BEGIN Data provided

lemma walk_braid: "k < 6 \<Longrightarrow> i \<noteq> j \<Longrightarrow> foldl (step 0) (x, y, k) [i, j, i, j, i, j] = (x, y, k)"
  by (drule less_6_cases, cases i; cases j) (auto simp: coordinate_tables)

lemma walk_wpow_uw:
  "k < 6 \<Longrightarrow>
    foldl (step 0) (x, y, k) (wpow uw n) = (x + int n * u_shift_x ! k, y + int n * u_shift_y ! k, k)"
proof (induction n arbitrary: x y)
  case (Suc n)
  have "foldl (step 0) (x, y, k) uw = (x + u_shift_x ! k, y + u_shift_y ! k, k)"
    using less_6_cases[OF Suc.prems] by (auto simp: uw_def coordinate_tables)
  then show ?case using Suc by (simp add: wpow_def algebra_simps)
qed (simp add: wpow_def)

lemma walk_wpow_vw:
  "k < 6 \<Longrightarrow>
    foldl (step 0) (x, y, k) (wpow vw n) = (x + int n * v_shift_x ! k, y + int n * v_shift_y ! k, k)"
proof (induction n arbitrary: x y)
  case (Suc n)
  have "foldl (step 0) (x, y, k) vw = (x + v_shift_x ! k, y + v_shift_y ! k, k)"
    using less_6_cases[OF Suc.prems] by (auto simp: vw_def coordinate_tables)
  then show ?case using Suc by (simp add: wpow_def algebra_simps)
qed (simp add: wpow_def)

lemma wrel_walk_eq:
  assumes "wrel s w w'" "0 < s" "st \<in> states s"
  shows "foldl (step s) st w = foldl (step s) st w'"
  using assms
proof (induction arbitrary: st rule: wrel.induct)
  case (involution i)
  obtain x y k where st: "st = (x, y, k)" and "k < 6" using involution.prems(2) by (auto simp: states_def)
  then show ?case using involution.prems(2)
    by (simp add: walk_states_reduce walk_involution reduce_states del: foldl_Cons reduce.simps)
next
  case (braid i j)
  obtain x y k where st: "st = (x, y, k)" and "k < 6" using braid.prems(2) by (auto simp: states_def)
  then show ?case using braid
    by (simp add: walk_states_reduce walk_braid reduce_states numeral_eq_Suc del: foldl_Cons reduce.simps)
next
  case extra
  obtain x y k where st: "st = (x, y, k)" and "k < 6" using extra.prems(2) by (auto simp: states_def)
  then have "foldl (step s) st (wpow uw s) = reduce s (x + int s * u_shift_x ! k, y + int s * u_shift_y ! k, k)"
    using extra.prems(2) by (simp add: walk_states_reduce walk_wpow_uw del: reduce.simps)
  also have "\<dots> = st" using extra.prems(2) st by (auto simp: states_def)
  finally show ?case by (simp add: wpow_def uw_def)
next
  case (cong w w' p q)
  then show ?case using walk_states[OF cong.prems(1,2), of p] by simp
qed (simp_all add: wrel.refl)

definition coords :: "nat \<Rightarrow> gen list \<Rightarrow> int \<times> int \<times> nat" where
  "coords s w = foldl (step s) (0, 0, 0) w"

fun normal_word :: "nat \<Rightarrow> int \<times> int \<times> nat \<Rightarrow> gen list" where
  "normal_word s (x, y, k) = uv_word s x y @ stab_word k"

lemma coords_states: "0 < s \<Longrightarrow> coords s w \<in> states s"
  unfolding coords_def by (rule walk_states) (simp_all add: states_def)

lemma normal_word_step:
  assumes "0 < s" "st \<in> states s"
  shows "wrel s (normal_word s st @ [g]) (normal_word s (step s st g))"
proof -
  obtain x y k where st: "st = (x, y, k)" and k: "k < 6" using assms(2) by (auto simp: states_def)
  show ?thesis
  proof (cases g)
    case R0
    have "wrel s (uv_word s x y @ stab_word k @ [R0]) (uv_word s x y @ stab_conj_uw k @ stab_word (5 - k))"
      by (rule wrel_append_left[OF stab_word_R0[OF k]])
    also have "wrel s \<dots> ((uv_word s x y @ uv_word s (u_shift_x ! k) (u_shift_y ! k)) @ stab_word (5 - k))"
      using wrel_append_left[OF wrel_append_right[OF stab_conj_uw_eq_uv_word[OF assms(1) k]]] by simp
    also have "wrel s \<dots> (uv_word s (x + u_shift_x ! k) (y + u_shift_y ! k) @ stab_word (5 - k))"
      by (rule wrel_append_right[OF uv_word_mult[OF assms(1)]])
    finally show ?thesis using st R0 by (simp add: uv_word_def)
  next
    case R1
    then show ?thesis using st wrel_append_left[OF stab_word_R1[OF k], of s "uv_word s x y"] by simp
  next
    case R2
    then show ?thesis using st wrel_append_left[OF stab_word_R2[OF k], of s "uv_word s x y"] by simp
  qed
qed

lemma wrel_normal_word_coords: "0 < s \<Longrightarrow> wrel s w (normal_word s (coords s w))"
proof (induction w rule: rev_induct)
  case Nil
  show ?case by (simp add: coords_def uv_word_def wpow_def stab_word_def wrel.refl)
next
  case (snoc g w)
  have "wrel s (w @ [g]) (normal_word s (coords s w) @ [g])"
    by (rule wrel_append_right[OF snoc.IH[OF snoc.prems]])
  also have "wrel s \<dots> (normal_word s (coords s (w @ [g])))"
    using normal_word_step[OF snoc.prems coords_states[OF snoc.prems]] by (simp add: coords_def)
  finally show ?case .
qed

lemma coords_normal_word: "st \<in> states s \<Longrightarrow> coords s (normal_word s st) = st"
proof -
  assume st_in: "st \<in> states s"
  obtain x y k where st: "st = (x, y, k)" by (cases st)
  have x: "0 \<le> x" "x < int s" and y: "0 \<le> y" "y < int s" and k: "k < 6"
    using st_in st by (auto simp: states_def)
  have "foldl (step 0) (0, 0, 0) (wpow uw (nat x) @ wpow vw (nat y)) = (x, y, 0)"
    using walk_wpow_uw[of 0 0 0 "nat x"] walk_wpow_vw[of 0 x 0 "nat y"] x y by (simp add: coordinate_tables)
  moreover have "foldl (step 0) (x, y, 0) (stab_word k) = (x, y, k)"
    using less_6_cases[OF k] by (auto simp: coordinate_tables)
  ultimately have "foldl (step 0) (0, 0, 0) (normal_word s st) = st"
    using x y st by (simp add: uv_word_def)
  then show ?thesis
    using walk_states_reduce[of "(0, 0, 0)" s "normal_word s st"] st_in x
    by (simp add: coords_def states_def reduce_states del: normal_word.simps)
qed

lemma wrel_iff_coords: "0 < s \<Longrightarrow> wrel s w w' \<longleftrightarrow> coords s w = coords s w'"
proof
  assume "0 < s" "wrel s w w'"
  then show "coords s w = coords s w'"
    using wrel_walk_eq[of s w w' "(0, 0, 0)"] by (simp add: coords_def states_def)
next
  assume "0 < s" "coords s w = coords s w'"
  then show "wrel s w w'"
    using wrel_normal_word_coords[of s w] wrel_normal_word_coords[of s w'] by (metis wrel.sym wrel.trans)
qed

END Data provided

Exercise brief: Collect, from the material above, every line containing the word "finally".

Exercise answer:
  finally show ?case by (simp add: wpow_def uw_def)
    finally show ?thesis using st R0 by (simp add: uv_word_def)
  finally show ?case .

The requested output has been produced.